_What you need to do_: Reduce the material below to its lines containing "type".

_Source material_:
section \<open>The semigroup\<close>

lemma ctmc_semigroup_row_sum:
  fixes Q :: "'a::finite \<Rightarrow> 'a \<Rightarrow> real"
  assumes "ctmc_generator Q"
  shows "(\<Sum>y\<in>UNIV. ctmc_semigroup Q t x y) = 1"
proof -
  have "(\<Sum>y\<in>UNIV. ctmc_semigroup Q t x y) = (\<Sum>n. \<Sum>y\<in>UNIV. t ^ n / fact n * ctmc_mpow Q n x y)"
    unfolding ctmc_semigroup_def by (rule suminf_sum[symmetric]) (rule summable_ctmc_series)
  also have "\<dots> = (\<Sum>n. if n = 0 then 1 else 0)"
    by (simp only: sum_distrib_left[symmetric] ctmc_mpow_row_sum[OF assms])
       (rule arg_cong[where f=suminf], auto)
  also have "\<dots> = 1"
    using sums_single[of 0 "\<lambda>_. 1::real"] by (simp add: sums_iff)
  finally show ?thesis .
qed

lemma ctmc_semigroup_reversible:
  fixes Q :: "'a::finite \<Rightarrow> 'a \<Rightarrow> real"
  assumes "ctmc_reversible Q \<pi>"
  shows "\<pi> x * ctmc_semigroup Q t x y = \<pi> y * ctmc_semigroup Q t y x"
proof -
  have "\<pi> x * ctmc_semigroup Q t x y = (\<Sum>n. t ^ n / fact n * (\<pi> x * ctmc_mpow Q n x y))"
    unfolding ctmc_semigroup_def
    by (subst suminf_mult[OF summable_ctmc_series, symmetric]) (simp add: algebra_simps)
  also have "\<dots> = (\<Sum>n. t ^ n / fact n * (\<pi> y * ctmc_mpow Q n y x))"
    by (simp add: ctmc_mpow_reversible[OF assms])
  also have "\<dots> = \<pi> y * ctmc_semigroup Q t y x"
    unfolding ctmc_semigroup_def
    by (subst suminf_mult[OF summable_ctmc_series, symmetric]) (simp add: algebra_simps)
  finally show ?thesis .
qed

lemma ctmc_semigroup_add:
  fixes Q :: "'a::finite \<Rightarrow> 'a \<Rightarrow> real"
  shows "ctmc_semigroup Q (s + t) x y = (\<Sum>z\<in>UNIV. ctmc_semigroup Q s x z * ctmc_semigroup Q t z y)"
proof -
  define c where "c i j = s ^ i / fact i * (t ^ j / fact j)" for i j
  have binomial: "(s + t) ^ k / fact k = (\<Sum>i\<le>k. c i (k - i))" for k
    using exp_series_add_commuting[of s t k] by (simp add: c_def divide_inverse mult.commute)
  have "(\<Sum>z\<in>UNIV. ctmc_semigroup Q s x z * ctmc_semigroup Q t z y)
      = (\<Sum>z\<in>UNIV. \<Sum>k. \<Sum>i\<le>k. c i (k - i) * (ctmc_mpow Q i x z * ctmc_mpow Q (k - i) z y))"
    unfolding ctmc_semigroup_def
    by (rule sum.cong[OF refl], subst Cauchy_product)
       (simp_all only: real_norm_def summable_abs_ctmc_series, simp add: c_def mult_ac)
  also have "\<dots> = (\<Sum>k. \<Sum>z\<in>UNIV. \<Sum>i\<le>k. c i (k - i) * (ctmc_mpow Q i x z * ctmc_mpow Q (k - i) z y))"
  proof (rule suminf_sum[symmetric])
    fix z
    have "summable (\<lambda>k. \<Sum>i\<le>k. (s ^ i / fact i * ctmc_mpow Q i x z) * (t ^ (k - i) / fact (k - i) * ctmc_mpow Q (k - i) z y))"
      by (rule summable_Cauchy_product) (simp_all only: real_norm_def summable_abs_ctmc_series)
    then show "summable (\<lambda>k. \<Sum>i\<le>k. c i (k - i) * (ctmc_mpow Q i x z * ctmc_mpow Q (k - i) z y))"
      by (simp add: c_def mult_ac)
  qed
  also have "\<dots> = (\<Sum>k. (s + t) ^ k / fact k * ctmc_mpow Q k x y)"
  proof (rule arg_cong[where f=suminf], rule ext)
    fix k
    have "(\<Sum>z\<in>UNIV. \<Sum>i\<le>k. c i (k - i) * (ctmc_mpow Q i x z * ctmc_mpow Q (k - i) z y))
        = (\<Sum>i\<le>k. c i (k - i) * ctmc_mpow Q (i + (k - i)) x y)"
      unfolding ctmc_mpow_add sum_distrib_left by (rule sum.swap)
    also have "\<dots> = (s + t) ^ k / fact k * ctmc_mpow Q k x y"
      unfolding binomial sum_distrib_right by simp
    finally show "(\<Sum>z\<in>UNIV. \<Sum>i\<le>k. c i (k - i) * (ctmc_mpow Q i x z * ctmc_mpow Q (k - i) z y))
        = (s + t) ^ k / fact k * ctmc_mpow Q k x y" .
  qed
  finally show ?thesis unfolding ctmc_semigroup_def by simp
qed
(* Assume that $\bar r^j\in\mathrm{recc}(C)$ for every $j\in N_0$, and that $C$ is bounded. Then $$\mathrm{conv}\Big(\Big\{x\in P^B\setminus C:\sum_{j\in N}\frac{x_j}{\alpha_j}\le1\Big\}\Big)=\Big\{x\in P^B:\sum_{j\in N}\frac{x_j}{\alpha_j}\le1\Big\},$$ $$\mathrm{conv}\Big(\Big\{x\in P^B\setminus C:\sum_{j\in N}\frac{x_j}{\beta_j}\ge1\Big\}\Big)=\Big\{x\in P^B:\sum_{j\in N}\frac{x_j}{\beta_j}\ge1\Big\}.$$
   Context: Let $A\in\mathbb{R}^{m\times n}$ have full row rank, $b\in\mathbb{R}^m$, and $P=\{x\in\mathbb{R}^n_+:Ax=b\}$. Let $C\subseteq\mathbb{R}^n$ be an open convex set. Fix a basis $B$ of $P$ with nonbasic set $N=\{1,\dots,n\}\setminus B$. Write $P=\{x:x_i=\bar b_i-\sum_{j\in N}\bar a_{ij}x_j\ (i\in B),\ x\ge0\}$ with $\bar b\ge0$. The basic solution $\bar x$ has $\bar x_i=\bar b_i$ ($i\in B$) and $0$ ($i\in N$). $P^B$ is obtained by dropping $x_i\ge0$ for $i\in B$. For $j\in N$, $\bar r^j$ has $\bar r^j_k=-\bar a_{kj}$ ($k\in B$), $\bar r^j_j=1$, and $0$ otherwise. Thus $P^B=\{\bar x+\sum_{j\in N}x_j\bar r^j:x_j\ge0\}$, and for $x\in P^B$ the $x_j$ ($j\in N$) are the coefficients in this representation. It is assumed that $\bar x\notin\mathrm{cl}(C)$. For $j\in N$, $\alpha_j=\inf\{\lambda\ge0:\bar x+\lambda\bar r^j\in C\}$ and $\beta_j=\sup\{\lambda\ge0:\bar x+\lambda\bar r^j\in C\}$, with $\alpha_j=+\infty$, $\beta_j=-\infty$ if the halfline misses $C$. Let $N_0=\{j\in N:\alpha_j=+\infty,\beta_j=-\infty\}$. We use the convention $t/\pm\infty=0$. For a set $K$, $\mathrm{recc}(K)=\{d:x+\lambda d\in K\ \forall x\in K,\lambda\ge0\}$. *)

theory Defs
  imports "HOL-Analysis.Analysis" "HOL-Library.Extended_Real"
begin

text \<open>Index set {1..n} is the finite type 'n, rows {1..m} the finite type 'm.
  A basis B is a set of column indices whose columns are linearly independent
  and of cardinality m (full row rank); it is a basis of P (feasible) when the
  basic solution is nonnegative.\<close>

definition is_basis :: "real^'n^'m \<Rightarrow> 'n set \<Rightarrow> bool" where
  "is_basis A B \<longleftrightarrow> card B = CARD('m) \<and> inj_on (\<lambda>i. column i A) B
      \<and> \<not> dependent ((\<lambda>i. column i A) ` B)"

definition basic_sol :: "real^'n^'m \<Rightarrow> real^'m \<Rightarrow> 'n set \<Rightarrow> real^'n" where
  "basic_sol A b B = (THE x. A *v x = b \<and> (\<forall>i. i \<notin> B \<longrightarrow> x $ i = 0))"
(* Let $G_1$ and $G_2$ be groups, and for $t=1,2$ let $\vec H^{(t)}\colon\{1\}=H^{(t)}_0\triangleleft\dots\triangleleft H^{(t)}_n=G_t$ and $\vec K^{(t)}\colon\{1\}=K^{(t)}_0\triangleleft\dots\triangleleft K^{(t)}_n=G_t$ be composition series of $G_t$ (of the same length $n$). Let $\pi_t$ be the unique permutation of $\{1,\dots,n\}$ such that $H^{(t)}_i/H^{(t)}_{i-1}$ is subnormally down-and-up projective to $K^{(t)}_{\pi_t(i)}/K^{(t)}_{\pi_t(i)-1}$ for all $i$. If $\pi_1=\pi_2$, then the lattices $(\mathrm{CSL}(\vec H^{(1)},\vec K^{(1)});\subseteq)$ and $(\mathrm{CSL}(\vec H^{(2)},\vec K^{(2)});\subseteq)$ are isomorphic. That is, this permutation determines $\mathrm{CSL}(\vec H,\vec K)$ up to lattice isomorphism.
   Context: For composition series $\vec H$, $\vec K$ of a group $G$, $\mathrm{CSL}(\vec H,\vec K)=\{H_i\cap K_j: 0\le i,j\le n\}$, ordered by inclusion; it is a lattice. For subnormal subgroups $A\triangleleft B$ and $C\triangleleft D$ of $G$, $B/A$ is subnormally down-and-up projective to $D/C$ if there are subnormal subgroups $X\triangleleft Y$ of $G$ with $AY=B$, $A\cap Y=X$, $CY=D$, $C\cap Y=X$. It is known (and used here) that for composition series $\vec H,\vec K$ of the same group there is a unique permutation $\pi$ of $\{1,\dots,n\}$ such that $H_i/H_{i-1}$ is subnormally down-and-up projective to $K_{\pi(i)}/K_{\pi(i)-1}$ for all $i$. *)

theory Defs
  imports "HOL-Algebra.Algebra" "HOL-Combinatorics.Permutations"
begin

definition simple_grp :: "('a, 'b) monoid_scheme \<Rightarrow> bool" where
  "simple_grp G \<longleftrightarrow> group G \<and> carrier G \<noteq> {\<one>\<^bsub>G\<^esub>} \<and>
     (\<forall>N. N \<lhd> G \<longrightarrow> N = {\<one>\<^bsub>G\<^esub>} \<or> N = carrier G)"

definition comp_series :: "('a, 'b) monoid_scheme \<Rightarrow> (nat \<Rightarrow> 'a set) \<Rightarrow> nat \<Rightarrow> bool" where
  "comp_series G H n \<longleftrightarrow>
     H 0 = {\<one>\<^bsub>G\<^esub>} \<and> H n = carrier G \<and>
     (\<forall>i<n. subgroup (H (Suc i)) G \<and> H i \<lhd> (G\<lparr>carrier := H (Suc i)\<rparr>) \<and>
            simple_grp ((G\<lparr>carrier := H (Suc i)\<rparr>) Mod (H i)))"

definition subnormal :: "('a, 'b) monoid_scheme \<Rightarrow> 'a set \<Rightarrow> bool" where
  "subnormal G Xs \<longleftrightarrow> (\<exists>Ch k. Ch 0 = Xs \<and> Ch k = carrier G \<and>
     (\<forall>i<k. subgroup (Ch (Suc i)) G \<and> Ch i \<lhd> (G\<lparr>carrier := Ch (Suc i)\<rparr>)))"

text \<open>For subnormal A normal in B and C normal in D: B/A is subnormally
  down-and-up projective to D/C.\<close>
definition sdu_proj :: "('a, 'b) monoid_scheme \<Rightarrow> 'a set \<Rightarrow> 'a set \<Rightarrow> 'a set \<Rightarrow> 'a set \<Rightarrow> bool" where
  "sdu_proj G A B C D \<longleftrightarrow> (\<exists>Xs Ys. subnormal G Xs \<and> subnormal G Ys \<and>
      Xs \<lhd> (G\<lparr>carrier := Ys\<rparr>) \<and>
      A <#>\<^bsub>G\<^esub> Ys = B \<and> A \<inter> Ys = Xs \<and> C <#>\<^bsub>G\<^esub> Ys = D \<and> C \<inter> Ys = Xs)"

definition CSL :: "(nat \<Rightarrow> 'a set) \<Rightarrow> (nat \<Rightarrow> 'a set) \<Rightarrow> nat \<Rightarrow> 'a set set" where
  "CSL H K n = {H i \<inter> K j | i j. i \<le> n \<and> j \<le> n}"

text \<open>Isomorphism of (set-)lattices ordered by inclusion: an order isomorphism,
  which for lattices is the same as a lattice isomorphism.\<close>
definition incl_lattice_iso :: "'a set set \<Rightarrow> 'c set set \<Rightarrow> bool" where
  "incl_lattice_iso L M \<longleftrightarrow> (\<exists>f. bij_betw f L M \<and>
     (\<forall>A\<in>L. \<forall>B\<in>L. A \<subseteq> B \<longleftrightarrow> f A \<subseteq> f B))"

end

theory Submission
  imports Defs
begin

text \<open>For composition series \<open>H\<close>, \<open>K\<close> and \<open>i \<in> {1..n}\<close>, let \<open>\<sigma> i\<close> be the least \<open>j\<close>
  such that \<open>H i \<inter> K j\<close> is not contained in \<open>H (i - 1)\<close>. A Zassenhaus-type argument shows
  that this matching of the factors is symmetric in \<open>H\<close> and \<open>K\<close>, so \<open>\<sigma>\<close> is injective;
  subnormal down-and-up projectivity of \<open>H i / H (i - 1)\<close> to \<open>K (\<pi> i) / K (\<pi> i - 1)\<close> gives
  \<open>\<sigma> \<le> \<pi>\<close> pointwise, hence \<open>\<sigma> = \<pi>\<close>. Thus \<open>H i \<inter> K j \<subseteq> H (i - 1)\<close> iff \<open>j < \<pi> i\<close>, and
  telescoping along both series, \<open>H i \<inter> K j \<subseteq> H i' \<inter> K j'\<close> iff \<open>j < \<pi> s\<close> for all
  \<open>i' < s \<le> i\<close> and \<open>i < \<pi>\<inverse> t\<close> for all \<open>j' < t \<le> j\<close>. This criterion depends on \<open>\<pi>\<close> only,
  so \<open>H\<^sub>1 i \<inter> K\<^sub>1 j \<mapsto> H\<^sub>2 i \<inter> K\<^sub>2 j\<close> is a well-defined order isomorphism.\<close>

lemma set_mult_memI: "h \<in> A \<Longrightarrow> k \<in> B \<Longrightarrow> h \<otimes>\<^bsub>G\<^esub> k \<in> A <#>\<^bsub>G\<^esub> B"
  unfolding set_mult_def by blast

lemma set_mult_memE:
  assumes "x \<in> A <#>\<^bsub>G\<^esub> B"
  obtains h k where "h \<in> A" "k \<in> B" "x = h \<otimes>\<^bsub>G\<^esub> k"
  using assms unfolding set_mult_def by blast

text \<open>Both maps have the same sum over \<open>S\<close>.\<close>

lemma inj_endo_le_permutation_eq:
  fixes \<sigma> \<pi> :: "'a \<Rightarrow> 'a :: ordered_cancel_comm_monoid_add"
  assumes "finite S" "inj_on \<sigma> S" "\<sigma> ` S \<subseteq> S" "\<pi> permutes S"
    and le: "\<And>x. x \<in> S \<Longrightarrow> \<sigma> x \<le> \<pi> x" and x: "x \<in> S"
  shows "\<sigma> x = \<pi> x"
proof (rule sum_mono_inv[OF _ le x \<open>finite S\<close>])
  have "sum \<sigma> S = sum id (\<sigma> ` S)" using sum.reindex[OF \<open>inj_on \<sigma> S\<close>, of id] by simp
  also have "\<dots> = sum id (\<pi> ` S)"
    using endo_inj_surj[OF assms(1,3,2)] permutes_image[OF assms(4)] by simp
  also have "\<dots> = sum \<pi> S" using sum.reindex[OF permutes_inj_on[OF assms(4)], of id] by simp
  finally show "sum \<sigma> S = sum \<pi> S" .
qed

_Answer for the task_:
text \<open>Index set {1..n} is the finite type 'n, rows {1..m} the finite type 'm.
  such that \<open>H i \<inter> K j\<close> is not contained in \<open>H (i - 1)\<close>. A Zassenhaus-type argument shows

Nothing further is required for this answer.